2. Cost containment is the key
Whilst cost containment is important in any market, the ability to control operating costs is absolutely vital in an economic downturn. All the firms in our analysis identified this as one of the main reasons for their continued success. Whilst a slowdown brings many challenges, it also creates pockets of opportunity. Many firms in our analysis were able to negotiate favourable lease arrangements on their commercial offices, to gain better rates from other professional services providers, and to make redundancies across underperforming departments. The most successful firms never carry excess weight, they never over-capitalise or stretch themselves financially, and they never carry staff who fail to meet targets.
3. Concentrate on key strengths
It is clear in our analysis that most financially successful firms take care not to spread themselves too thinly. Many firms adopt a multi-disciplinary approach to law, and inevitably fail to deliver - and while some departments may do well, this is likely to be off-set by losses in other areas. In a buoyant economy it's easy to diversify into other, more profitable areas of law, but this should be done only when the practice is well-established in just a small number of key legal disciplines. All of our sample firms were largely focussed on a small number of specialisms, and were experts within their chosen fields. Not only did they find that increasing market share from this position was easier to achieve, it also made their firm more attractive to staff and clients who wanted to work with a recognised leader in their sector. By contrast, those firms that adopt a more generalist approach never achieve the same penetration as specialists. Successful firms constantly evaluate and explore opportunities in new niches, yet choose to exploit only those areas where there is clear rationale for doing so. Each of the firms in our survey continually asked themselves what they could be the best at. Was it employment, commercial property, healthcare? Could this be done nationally, or regionally? Then they built their business around their core set of beliefs, never deviating until they had achieved their objectives. Too many firms spread themselves too thinly and try to become too big too quickly. Recruiting senior people in specialist areas they want to enter can cause more problems in the long-term, exposing firms to key-man risks.

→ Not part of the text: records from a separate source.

lemma joukowski_square_pair:
  fixes a b :: "'a::field_char_0"
  assumes "a \<noteq> 0" "b \<noteq> 0" "joukowski a \<noteq> joukowski b"
  shows "(a - inverse a)^2 / (joukowski a - joukowski b)^2
       + (b - inverse b)^2 / (joukowski b - joukowski a)^2
       = 2 * (a * b / (a - b)^2 + a * b / (a * b - 1)^2) + 1"
proof -
  have "a \<noteq> b" "b \<noteq> a" "a * b \<noteq> 1" "b * a \<noteq> 1"
    using joukowski_neqD[OF assms(3)] by (auto simp: mult.commute)
  note nz = this assms(1,2)
  show ?thesis
    unfolding joukowski_diff[OF assms(1,2)] joukowski_diff[OF assms(2,1)]
    by (simp add: divide_simps nz) algebra
qed

(* The leading coefficient of the monic quadratic p^2 - 4, read off from its Lagrange
   interpolation at three nodes. *)
lemma lagrange_triple:
  fixes p q r :: "'a::field"
  assumes "p \<noteq> q" "p \<noteq> r" "q \<noteq> r"
  shows "(p^2 - 4) / ((p - q) * (p - r)) + (q^2 - 4) / ((q - r) * (q - p))
       + (r^2 - 4) / ((r - p) * (r - q)) = 1"
proof -
  have "q \<noteq> p" "r \<noteq> p" "r \<noteq> q" using assms by auto
  note nz = this assms
  show ?thesis by (simp add: divide_simps nz) algebra
qed

section \<open>The sum of the second logarithmic Euler derivatives\<close>

(* The points at which every factor of phi is nonzero. *)
definition nondegenerate :: "('n \<Rightarrow> 'a::field) \<Rightarrow> bool" where
  "nondegenerate x \<longleftrightarrow>
     (\<forall>k. x k \<noteq> 0 \<and> x k \<noteq> 1) \<and> (\<forall>i j. i \<noteq> j \<longrightarrow> joukowski (x i) \<noteq> joukowski (x j))"

(* At x = z these are theta_r (log phi) and theta_r (theta_r (log phi)), where theta_r is the
   Euler operator z_r d/dz_r. *)
definition euler_log_phi :: "'a \<Rightarrow> 'a \<Rightarrow> ('n::finite \<Rightarrow> 'a::field) \<Rightarrow> 'n \<Rightarrow> 'a" where
  "euler_log_phi mu1 mu2 x r =
     mu1 * ((x r + 1) / (2 * (x r - 1)))
     + mu2 * (\<Sum>j\<in>-{r}. (x r - inverse (x r)) / (joukowski (x r) - joukowski (x j)))"

definition euler2_log_phi :: "'a \<Rightarrow> 'a \<Rightarrow> ('n::finite \<Rightarrow> 'a::field) \<Rightarrow> 'n \<Rightarrow> 'a" where
  "euler2_log_phi mu1 mu2 x r =
     - mu1 * (x r / (x r - 1)^2)
     + mu2 * (\<Sum>j\<in>-{r}. joukowski (x r) / (joukowski (x r) - joukowski (x j))
                        - (x r - inverse (x r))^2 / (joukowski (x r) - joukowski (x j))^2)"

lemma sum_half_cot_square:
  fixes x :: "'n::finite \<Rightarrow> 'a::field_char_0"
  assumes "\<And>k. x k \<noteq> 1"
  shows "(\<Sum>r\<in>UNIV. ((x r + 1) / (2 * (x r - 1)))^2)
       = of_nat CARD('n) / 4 + (\<Sum>r\<in>UNIV. x r / (x r - 1)^2)"
proof -
  have "(\<Sum>r\<in>UNIV. ((x r + 1) / (2 * (x r - 1)))^2) = (\<Sum>r\<in>UNIV. 1/4 + x r / (x r - 1)^2)"
    by (intro sum.cong refl half_cot_square assms)
  then show ?thesis by (simp add: sum.distrib)
qed

lemma sum_cot_times_joukowski_sum:
  fixes x :: "'n::finite \<Rightarrow> 'a::field_char_0"
  assumes "\<And>k. x k \<noteq> 0" "\<And>k. x k \<noteq> 1"
    and "\<And>i j. i \<noteq> j \<Longrightarrow> joukowski (x i) \<noteq> joukowski (x j)"
  shows "(\<Sum>r\<in>UNIV. (x r + 1) / (2 * (x r - 1))
            * (\<Sum>j\<in>-{r}. (x r - inverse (x r)) / (joukowski (x r) - joukowski (x j))))
       = of_nat (CARD('n) * (CARD('n) - 1)) / 4"
proof -
  have "2 * (\<Sum>r\<in>UNIV. \<Sum>j\<in>-{r}. (x r + 1) / (2 * (x r - 1))
            * ((x r - inverse (x r)) / (joukowski (x r) - joukowski (x j))))
      = of_nat (CARD('n) * (CARD('n) - 1)) * (1 / 2)"
    by (rule sum_offdiag_symmetric, rule cot_joukowski_pair) (auto simp: assms)
  then show ?thesis by (simp add: sum_distrib_left field_simps)
qed

lemma sum_joukowski_ratio:
  fixes x :: "'n::finite \<Rightarrow> 'a::field_char_0"
  assumes "\<And>i j. i \<noteq> j \<Longrightarrow> joukowski (x i) \<noteq> joukowski (x j)"
  shows "(\<Sum>r\<in>UNIV. \<Sum>j\<in>-{r}. joukowski (x r) / (joukowski (x r) - joukowski (x j)))
       = of_nat (CARD('n) * (CARD('n) - 1)) / 2"
proof -
  have "2 * (\<Sum>r\<in>UNIV. \<Sum>j\<in>-{r}. joukowski (x r) / (joukowski (x r) - joukowski (x j)))
      = of_nat (CARD('n) * (CARD('n) - 1)) * 1"
    by (rule sum_offdiag_symmetric) (rule divide_pair_sum_one, rule assms)
  then show ?thesis by (simp add: field_simps)
qed

lemma card_pairs_less:
  "of_nat (card {(i, j::'n::{finite,linorder}). i < j}) = (of_nat (CARD('n) * (CARD('n) - 1)) / 2 :: 'a::field_char_0)"
proof -
  have "2 * (\<Sum>i::'n\<in>UNIV. \<Sum>j\<in>-{i}. (1/2 :: 'a)) = of_nat (CARD('n) * (CARD('n) - 1)) * 1"
    by (rule sum_offdiag_symmetric) simp
  moreover have "(\<Sum>i::'n\<in>UNIV. \<Sum>j\<in>-{i}. (1/2 :: 'a)) = of_nat (card {(i, j::'n). i < j})"
    by (simp only: sum_offdiag_eq_sum_pairs) simp
  ultimately show ?thesis by (simp add: field_simps)
qed

lemma sum_joukowski_square_ratio:
  fixes x :: "'n::{finite,linorder} \<Rightarrow> 'a::field_char_0"
  assumes "\<And>k. x k \<noteq> 0"
    and "\<And>i j. i \<noteq> j \<Longrightarrow> joukowski (x i) \<noteq> joukowski (x j)"
  shows "(\<Sum>r\<in>UNIV. \<Sum>j\<in>-{r}. (x r - inverse (x r))^2 / (joukowski (x r) - joukowski (x j))^2)
       = 2 * ((\<Sum>(i, j)\<in>{(i, j). i < j}. x i * x j / (x i - x j)^2)
              + (\<Sum>(i, j)\<in>{(i, j). i < j}. x i * x j / (x i * x j - 1)^2))
         + of_nat (CARD('n) * (CARD('n) - 1)) / 2"
proof -
  have "(\<Sum>r\<in>UNIV. \<Sum>j\<in>-{r}. (x r - inverse (x r))^2 / (joukowski (x r) - joukowski (x j))^2)
      = (\<Sum>(i, j)\<in>{(i, j). i < j}. 2 * (x i * x j / (x i - x j)^2 + x i * x j / (x i * x j - 1)^2) + 1)"
    unfolding sum_offdiag_eq_sum_pairs
    by (intro sum.cong refl) (auto simp: joukowski_square_pair assms)
  also have "\<dots> = 2 * ((\<Sum>(i, j)\<in>{(i, j). i < j}. x i * x j / (x i - x j)^2)
              + (\<Sum>(i, j)\<in>{(i, j). i < j}. x i * x j / (x i * x j - 1)^2))
         + of_nat (card {(i, j::'n). i < j})"
    by (simp add: sum.distrib sum_distrib_left case_prod_unfold)
  finally show ?thesis by (simp add: card_pairs_less)
qed

lemma sum_square_joukowski_sum:
  fixes x :: "'n::finite \<Rightarrow> 'a::field_char_0"
  assumes "\<And>k. x k \<noteq> 0"
    and "\<And>i j. i \<noteq> j \<Longrightarrow> joukowski (x i) \<noteq> joukowski (x j)"
  shows "(\<Sum>r\<in>UNIV. (\<Sum>j\<in>-{r}. (x r - inverse (x r)) / (joukowski (x r) - joukowski (x j)))^2)
       = (\<Sum>r\<in>UNIV. \<Sum>j\<in>-{r}. (x r - inverse (x r))^2 / (joukowski (x r) - joukowski (x j))^2)
         + of_nat (CARD('n) * (CARD('n) - 1) * (CARD('n) - 2)) / 3"
proof -
  define F where "F r j k = (x r - inverse (x r))^2
      / ((joukowski (x r) - joukowski (x j)) * (joukowski (x r) - joukowski (x k)))" for r j k
  have "3 * (\<Sum>r\<in>UNIV. \<Sum>j\<in>-{r}. \<Sum>k\<in>-{r}-{j}. F r j k)
      = of_nat (CARD('n) * (CARD('n) - 1) * (CARD('n) - 2)) * 1"
  proof (rule sum_distinct_triples_cyclic)
    fix r j k :: 'n assume "r \<noteq> j" "r \<noteq> k" "j \<noteq> k"
    then show "F r j k + F j k r + F k r j = 1"
      unfolding F_def joukowski_diff_square[OF assms(1)]
      by (intro lagrange_triple assms(2))
  qed
  moreover have "(\<Sum>j\<in>-{r}. (x r - inverse (x r)) / (joukowski (x r) - joukowski (x j)))^2
      = (\<Sum>j\<in>-{r}. (x r - inverse (x r))^2 / (joukowski (x r) - joukowski (x j))^2)
        + (\<Sum>j\<in>-{r}. \<Sum>k\<in>-{r}-{j}. F r j k)" for r :: 'n
    unfolding power2_sum_offdiag[OF finite] F_def by (simp add: power_divide power2_eq_square)
  ultimately show ?thesis by (simp add: sum.distrib field_simps)
qed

In contrast, concentrating on just a few areas means that specialist staff are cultivated within these departments, leaving the firm less vulnerable to loss of key individuals.

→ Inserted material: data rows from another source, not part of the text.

(* Let $\Sigma$ be a finite alphabet with $|\Sigma|\ge2$, $n\ge1$, and $\rho_1,\rho_2,\rho_3>0$ with $\rho_1+\rho_2+\rho_3\le1$. For $0<\varepsilon<1$, the $\varepsilon$-mixing time $\tau(\varepsilon)$ of the lazy Markov chain $L^{\mathfrak{A}(n)}_{\rho_1,\rho_2,\rho_3}$ satisfies $$\tau(\varepsilon)\le\max\left(\left\lceil\frac{n}{\rho_1}\Big(\log n+\log\frac{1}{\rho_1\varepsilon}\Big)\right\rceil,\ \left\lceil\frac{n}{\rho_2}\Big(\log n+\log\frac{1}{\rho_2\varepsilon}\Big)\right\rceil,\ \left\lceil\frac{|\Sigma|n^2}{\rho_3}\Big(\log(|\Sigma|n^2)+\log\frac{1}{\rho_3\varepsilon}\Big)\right\rceil\right).$$
   Context: A non-deterministic automaton (NFA) over $\Sigma$ is a tuple $(Q,\Sigma,\Delta,I,F)$ with $Q$ a finite set of states, $\Delta\subseteq Q\times\Sigma\times Q$, $I,F\subseteq Q$. $\mathfrak{A}(n)$ is the set of all NFAs over $\Sigma$ with state set $Q=\{1,\dots,n\}$. For $\mathcal{A}\in\mathfrak{A}(n)$: $\mathsf{Ch_{init}}(\mathcal{A},q)$ toggles membership of $q$ in $I$; $\mathsf{Ch_{final}}(\mathcal{A},q)$ toggles membership of $q$ in $F$; $\mathsf{Ch_{trans}}(\mathcal{A},(p,a,q))$ toggles membership of $(p,a,q)$ in $\Delta$. The matrix $S=S^{\mathfrak{A}(n)}_{\rho_1,\rho_2,\rho_3}$ on $\mathfrak{A}(n)$ is: for $x\ne y$, $S(x,y)=\rho_1/n$ if $y=\mathsf{Ch_{init}}(x,q)$ for some $q$; $\rho_2/n$ if $y=\mathsf{Ch_{final}}(x,q)$ for some $q$; $\rho_3/(|\Sigma|n^2)$ if $y=\mathsf{Ch_{trans}}(x,(p,a,q))$ for some $(p,a,q)$; $0$ otherwise; and $S(x,x)=1-\sum_{y\ne x}S(x,y)$. The lazy chain $L=L^{\mathfrak{A}(n)}_{\rho_1,\rho_2,\rho_3}$ is $L(x,y)=\frac12 S(x,y)$ for $x\ne y$ and $L(x,x)=\frac12+\frac12S(x,x)$; its stationary distribution $\pi$ is uniform on $\mathfrak{A}(n)$. The $\varepsilon$-mixing time is $\tau(\varepsilon)=\min\{t:\max_{x\in\mathfrak{A}(n)}\|L^t(x,\cdot)-\pi\|_{TV}\le\varepsilon\}$, where $\|\cdot\|_{TV}$ is total variation distance. $\log$ denotes the natural logarithm. *)

theory Defs
  imports Complex_Main
begin

text \<open>An NFA over alphabet Sig with state set {1..n}, represented by (I, F, Delta).\<close>
type_synonym 'a nfa = "nat set \<times> nat set \<times> (nat \<times> 'a \<times> nat) set"

definition nfas :: "'a set \<Rightarrow> nat \<Rightarrow> 'a nfa set" where
  "nfas Sig n = {(I, F, D). I \<subseteq> {1..n} \<and> F \<subseteq> {1..n} \<and> D \<subseteq> {1..n} \<times> Sig \<times> {1..n}}"

definition toggle :: "'b \<Rightarrow> 'b set \<Rightarrow> 'b set" where
  "toggle x A = (if x \<in> A then A - {x} else insert x A)"

definition ch_init :: "'a nfa \<Rightarrow> nat \<Rightarrow> 'a nfa" where
  "ch_init A q = (case A of (I, F, D) \<Rightarrow> (toggle q I, F, D))"

definition ch_final :: "'a nfa \<Rightarrow> nat \<Rightarrow> 'a nfa" where
  "ch_final A q = (case A of (I, F, D) \<Rightarrow> (I, toggle q F, D))"

definition ch_trans :: "'a nfa \<Rightarrow> nat \<times> 'a \<times> nat \<Rightarrow> 'a nfa" where
  "ch_trans A t = (case A of (I, F, D) \<Rightarrow> (I, F, toggle t D))"

definition S_off :: "'a set \<Rightarrow> nat \<Rightarrow> real \<Rightarrow> real \<Rightarrow> real \<Rightarrow> 'a nfa \<Rightarrow> 'a nfa \<Rightarrow> real" where
  "S_off Sig n r1 r2 r3 x y =
     (if \<exists>q\<in>{1..n}. y = ch_init x q then r1 / real n
      else if \<exists>q\<in>{1..n}. y = ch_final x q then r2 / real n
      else if \<exists>t\<in>{1..n} \<times> Sig \<times> {1..n}. y = ch_trans x t then r3 / (real (card Sig) * real n ^ 2)
      else 0)"

definition S_mat :: "'a set \<Rightarrow> nat \<Rightarrow> real \<Rightarrow> real \<Rightarrow> real \<Rightarrow> 'a nfa \<Rightarrow> 'a nfa \<Rightarrow> real" where
  "S_mat Sig n r1 r2 r3 x y =
     (if x \<noteq> y then S_off Sig n r1 r2 r3 x y
      else 1 - (\<Sum>z\<in>nfas Sig n - {x}. S_off Sig n r1 r2 r3 x z))"

definition L_mat :: "'a set \<Rightarrow> nat \<Rightarrow> real \<Rightarrow> real \<Rightarrow> real \<Rightarrow> 'a nfa \<Rightarrow> 'a nfa \<Rightarrow> real" where
  "L_mat Sig n r1 r2 r3 x y =
     (if x \<noteq> y then S_mat Sig n r1 r2 r3 x y / 2
      else 1 / 2 + S_mat Sig n r1 r2 r3 x x / 2)"

fun L_pow :: "'a set \<Rightarrow> nat \<Rightarrow> real \<Rightarrow> real \<Rightarrow> real \<Rightarrow> nat \<Rightarrow> 'a nfa \<Rightarrow> 'a nfa \<Rightarrow> real" where
  "L_pow Sig n r1 r2 r3 0 x y = (if x = y then 1 else 0)"
| "L_pow Sig n r1 r2 r3 (Suc t) x y =
     (\<Sum>z\<in>nfas Sig n. L_pow Sig n r1 r2 r3 t x z * L_mat Sig n r1 r2 r3 z y)"

definition unif :: "'a set \<Rightarrow> nat \<Rightarrow> 'a nfa \<Rightarrow> real" where
  "unif Sig n y = 1 / real (card (nfas Sig n))"

definition tv_dist :: "'a set \<Rightarrow> nat \<Rightarrow> real \<Rightarrow> real \<Rightarrow> real \<Rightarrow> nat \<Rightarrow> 'a nfa \<Rightarrow> real" where
  "tv_dist Sig n r1 r2 r3 t x =
     (1 / 2) * (\<Sum>y\<in>nfas Sig n. \<bar>L_pow Sig n r1 r2 r3 t x y - unif Sig n y\<bar>)"

definition mixed :: "'a set \<Rightarrow> nat \<Rightarrow> real \<Rightarrow> real \<Rightarrow> real \<Rightarrow> real \<Rightarrow> nat \<Rightarrow> bool" where
  "mixed Sig n r1 r2 r3 \<epsilon> t = (\<forall>x\<in>nfas Sig n. tv_dist Sig n r1 r2 r3 t x \<le> \<epsilon>)"

definition mixing_time :: "'a set \<Rightarrow> nat \<Rightarrow> real \<Rightarrow> real \<Rightarrow> real \<Rightarrow> real \<Rightarrow> nat" where
  "mixing_time Sig n r1 r2 r3 \<epsilon> = (LEAST t. mixed Sig n r1 r2 r3 \<epsilon> t)"

end

theory Submission
  imports Defs
begin

text \<open>
  An NFA on states \<open>{1..n}\<close> is a point of the hypercube whose coordinates are the possible
  initial states, final states and transitions, and the lazy chain picks a coordinate \<open>c\<close> with
  probability \<open>w c\<close> and resamples it uniformly (with the remaining probability \<open>1 - W\<close> it stays).
  Averaging the point mass at \<open>x\<close> successively over the coordinates \<open>c\<^sub>1, \<dots>, c\<^sub>N\<close> ends in the
  uniform distribution, so the point mass is the uniform distribution plus the differences
  \<open>h\<^sub>i\<close> of consecutive averages. Each \<open>h\<^sub>i\<close> is odd under flipping \<open>c\<^sub>i\<close>; the chain preserves this
  oddness and contracts the \<open>\<ell>\<^sub>1\<close>-norm of odd functions by the factor \<open>1 - w c\<^sub>i\<close>. Hence the total
  variation distance after \<open>t\<close> steps is at most \<open>\<Sum>\<^sub>c (1 - w c)\<^sup>t / 2\<close>, and \<open>(1 - r/m)\<^sup>t \<le> exp (-r t/m)\<close>
  makes each of the three groups of coordinates contribute at most \<open>\<rho>\<^sub>j \<epsilon>\<close> at the stated time.
\<close>

datatype 'a coord = Init nat | Final nat | Trans "nat \<times> 'a \<times> nat"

4. Recruit the best - be selective
A firm's people are its most important asset, yet it's something that many companies take for granted. In good economic times it's easy to add headcount and remain profitable. However, the difference between good firms and great firms isn't how many people they employ, but whom they employ. And whilst cost containment is paramount, our analysis demonstrates that many of the firms producing excellent results were happy to recruit additional staff capable of making a difference to their practice. The most successful firms never scrimped on employing the best people, regardless of cost. And whilst some firms managed the recruitment process internally, all of our surveyed clients used the services of a professional headhunting practice to identify and engage with the very best people in the market. Whilst this incurred additional cost, firms realised that the calibre of the staff they recruited using this approach was far superior and delivered a far greater return on investment. Staff recruited through a headhunting firm added greater value, stayed with the firm far longer, and generally produced higher returns than those candidates who were recruited via internal resources.
5. A recipe for success
Our analysis clearly illustrates that despite the challenging economic environment, growth opportunities do exist for legal firms that follow some basic principles. Firstly, firms must show outstanding commitment to their existing clients. They must maintain tight control over costs, and they should specialise in those areas where they can add greatest value and be the best in the business. Finally, they must recruit the kind of people who will help them provide an outstanding service and add greatest value both to the practice and their clients.